» EXERCISE:
Show every line in the entries below where the word "open" appears.

» SUPPLIED RECORDS:
text \<open>Real d x d matrices are encoded as functions nat => nat => real; the space V of
  real symmetric d x d matrices is the set of symmetric such functions vanishing outside
  the index range {0..<d} x {0..<d}.\<close>

type_synonym mat = "nat \<Rightarrow> nat \<Rightarrow> real"

definition sym_mats :: "nat \<Rightarrow> mat set" where
  "sym_mats d = {X. (\<forall>i j. X i j = X j i) \<and> (\<forall>i j. d \<le> i \<or> d \<le> j \<longrightarrow> X i j = 0)}"

definition fscale :: "real \<Rightarrow> (mat \<Rightarrow> real) \<Rightarrow> (mat \<Rightarrow> real)" where
  "fscale c f = (\<lambda>X. c * f X)"

text \<open>Monomial functions on V of total degree at most m in the matrix entries
  (extended by 0 outside V, so that they are genuinely functions on V).\<close>

definition monomial_fn :: "nat \<Rightarrow> (nat \<times> nat \<Rightarrow> nat) \<Rightarrow> mat \<Rightarrow> real" where
  "monomial_fn d e = (\<lambda>X. if X \<in> sym_mats d
      then (\<Prod>p\<in>{..<d} \<times> {..<d}. X (fst p) (snd p) ^ e p) else 0)"

definition monomials_upto :: "nat \<Rightarrow> nat \<Rightarrow> (mat \<Rightarrow> real) set" where
  "monomials_upto d m = {monomial_fn d e | e.
      (\<forall>p. p \<notin> {..<d} \<times> {..<d} \<longrightarrow> e p = 0) \<and> (\<Sum>p\<in>{..<d} \<times> {..<d}. e p) \<le> m}"

definition poly_upto :: "nat \<Rightarrow> nat \<Rightarrow> (mat \<Rightarrow> real) set" where
  "poly_upto d m = module.span fscale (monomials_upto d m)"

text \<open>Action of a permutation sigma of {0..<d}: X |-> P X P^T, i.e. entries X (sigma i) (sigma j).\<close>

definition perm_act :: "(nat \<Rightarrow> nat) \<Rightarrow> mat \<Rightarrow> mat" where
  "perm_act \<sigma> X = (\<lambda>i j. X (\<sigma> i) (\<sigma> j))"

definition inv_poly_upto :: "nat \<Rightarrow> nat \<Rightarrow> (mat \<Rightarrow> real) set" where
  "inv_poly_upto d m = {p \<in> poly_upto d m.
      \<forall>\<sigma>. \<sigma> permutes {..<d} \<longrightarrow> (\<forall>X \<in> sym_mats d. p (perm_act \<sigma> X) = p X)}"

definition inv_dim :: "nat \<Rightarrow> nat \<Rightarrow> nat" where
  "inv_dim d m = vector_space.dim fscale (inv_poly_upto d m)"

definition partitions_of :: "nat \<Rightarrow> nat list set" where
  "partitions_of n = {\<alpha>. sorted_wrt (\<ge>) \<alpha> \<and> (\<forall>x\<in>set \<alpha>. 0 < x) \<and> sum_list \<alpha> = n}"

» TASK ANSWER:
text \<open>Real d x d matrices are encoded as functions nat => nat => real; the space V of
text \<open>Monomial functions on V of total degree at most m in the matrix entries
text \<open>Action of a permutation sigma of {0..<d}: X |-> P X P^T, i.e. entries X (sigma i) (sigma j).\<close>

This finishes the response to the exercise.